— Ты всегда был с нами, Мирон Иванович. И мы шли с тобой рядом в те светлые годы. И в горе мы с тобой! И не мучай себя, не убивайся… Много теперь у людей горя. Мы вместе одолеем его и тебе поможем пережить твое горе. Мы все с тобой…
Глубокой ночью возвращались в лагерь. Поскрипывал снег под полозьями саней. Тихо перекликались конные разведчики, ехавшие впереди. Лошадьми ловко правил Силивон Сергеевич, пустив их рысью по занесенной сугробами дороге.
— Снега, Мирон Иванович, в нынешнем году большие. И говорят — везде.
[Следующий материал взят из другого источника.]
lemma common_walk:
  assumes "Cj \<in> CC" "Cl \<in> CC" "Cj \<noteq> Cl" "verts Cj \<inter> verts Cl \<noteq> {}"
  obtains p m where "p \<in> verts Cj \<inter> verts Cl" "m \<le> k"
    "verts Cj \<inter> verts Cl = (\<lambda>r. walk Cj r p) ` {..<m}" "\<forall>r<m. walk Cj r p = walk Cl r p"
proof -
  obtain ps where ps: "is_dipath Cj ps" "is_dipath Cl ps" "set ps = verts Cj \<inter> verts Cl"
    "length ps \<le> k"
    using assms by (rule common_dipath)
  interpret j: dicycle Cj using member_dicycle assms(1) .
  interpret l: dicycle Cl using member_dicycle assms(2) .
  show ?thesis
  proof
    show "hd ps \<in> verts Cj \<inter> verts Cl"
      using ps(1,3) hd_in_set by (force simp: is_dipath_def)
    have "set ps = (\<lambda>r. ps ! r) ` {..<length ps}"
      by (auto simp: in_set_conv_nth)
    also have "\<dots> = (\<lambda>r. walk Cj r (hd ps)) ` {..<length ps}"
      using j.dipath_nth[OF ps(1)] by (intro image_cong) auto
    finally show "verts Cj \<inter> verts Cl = (\<lambda>r. walk Cj r (hd ps)) ` {..<length ps}"
      using ps(3) by simp
    show "\<forall>r<length ps. walk Cj r (hd ps) = walk Cl r (hd ps)"
      using j.dipath_nth[OF ps(1)] l.dipath_nth[OF ps(2)] by simp
  qed (rule ps(4))
qed

lemma meetingD:
  assumes "Cj \<in> meeting CC C1"
  shows "Cj \<in> CC" "Cj \<noteq> C1" "verts C1 \<inter> verts Cj \<noteq> {}"
  using assms unfolding meeting_def by auto

lemma common_path_eq:
  assumes "Cj \<in> meeting CC C1" "is_dipath C1 ps" "is_dipath Cj ps"
    and "set ps = verts C1 \<inter> verts Cj" "length ps \<le> k"
  shows "common_path C1 Cj = ps"
  unfolding common_path_def
proof (rule the_equality)
  show "is_dipath C1 ps \<and> is_dipath Cj ps \<and> set ps = verts C1 \<inter> verts Cj"
    using assms by simp
  interpret c: dicycle C1 using member_dicycle C1_in .
  fix qs assume "is_dipath C1 qs \<and> is_dipath Cj qs \<and> set qs = verts C1 \<inter> verts Cj"
  moreover have "2 * length ps < card C1"
    using assms(5) member_card[OF C1_in] k_pos by linarith
  ultimately show "qs = ps"
    using c.dipath_unique[OF assms(2)] assms(4) by (metis inf_le1)
qed

lemma walk_to_t_vert:
  assumes "Cj \<in> meeting CC C1" "C \<in> {C1, Cj}" "x \<in> verts C1 \<inter> verts Cj"
  obtains f where "f < k" "walk C f x = t_vert C1 Cj"
    "\<forall>g\<le>f. walk C g x \<in> verts C1 \<inter> verts Cj"
proof -
  obtain ps where ps: "is_dipath C1 ps" "is_dipath Cj ps" "set ps = verts C1 \<inter> verts Cj"
    "length ps \<le> k"
    using common_dipath[OF C1_in] meetingD[OF assms(1)] by metis
  interpret dicycle C
    using assms(2) member_dicycle C1_in meetingD(1)[OF assms(1)] by blast
  have t: "t_vert C1 Cj = last ps"
    using common_path_eq[OF assms(1) ps] unfolding t_vert_def by simp
  have "is_dipath C ps"
    using assms(2) ps(1,2) by auto
  moreover have "x \<in> set ps"
    using assms(3) ps(3) by simp
  ultimately obtain f where f: "f < length ps" "walk C f x = last ps"
    "\<forall>g\<le>f. walk C g x \<in> set ps"
    by (rule dipath_walk_to_last)
  show ?thesis
  proof (rule that)
    show "f < k"
      using f(1) ps(4) by linarith
  qed (use f t ps(3) in simp_all)
qed

lemma t_vert_mem:
  assumes "Cj \<in> meeting CC C1"
  shows "t_vert C1 Cj \<in> verts C1" "t_vert C1 Cj \<in> verts Cj"
proof -
  obtain x where "x \<in> verts C1 \<inter> verts Cj"
    using meetingD(3)[OF assms] by blast
  then obtain f where "walk C1 f x = t_vert C1 Cj" "\<forall>g\<le>f. walk C1 g x \<in> verts C1 \<inter> verts Cj"
    using walk_to_t_vert[OF assms] by blast
  then show "t_vert C1 Cj \<in> verts C1" "t_vert C1 Cj \<in> verts Cj"
    by auto
qed

end

context suitable_collection
begin

abbreviation t1 :: "('a \<times> 'a) set \<Rightarrow> 'a" where
  "t1 Cj \<equiv> t_vert C1 Cj"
К хорошему урожаю такие снега.
— Снег что надо, ничего не скажешь! — сказал Мирон Иванович, оторвавшись от своих мыслей. — И что я тебе скажу, Силивон Сергеевич, они и урожаю будут благоприятствовать, и нам: застрянут фашисты в наших снегах.
— Они, дьяволы, и так уж дохнут. Я вот глядел днем, как шла ихняя колонна по шоссе, так на чучела похожи, завернутые в разное тряпье, ноги в соломенных валенках. Идут, посинели, дрожат, как псы шелудивые на морозе. Нет, не вынести им нашего климата.
— Климат — климатом, Силивон Сергеевич, но люди наши — вот что им всего страшнее.
— Ну, о людях наших я не говорю. Правильные люди, ничего против них не скажешь… Но-но, пошевеливайтесь, стоялые!
— А пусть они отдохнут! — Мирон Иванович ловко соскочил с облучка, чтобы немного размять ноги. Слез и Силивон Сергеевич, пошел с ним рядом.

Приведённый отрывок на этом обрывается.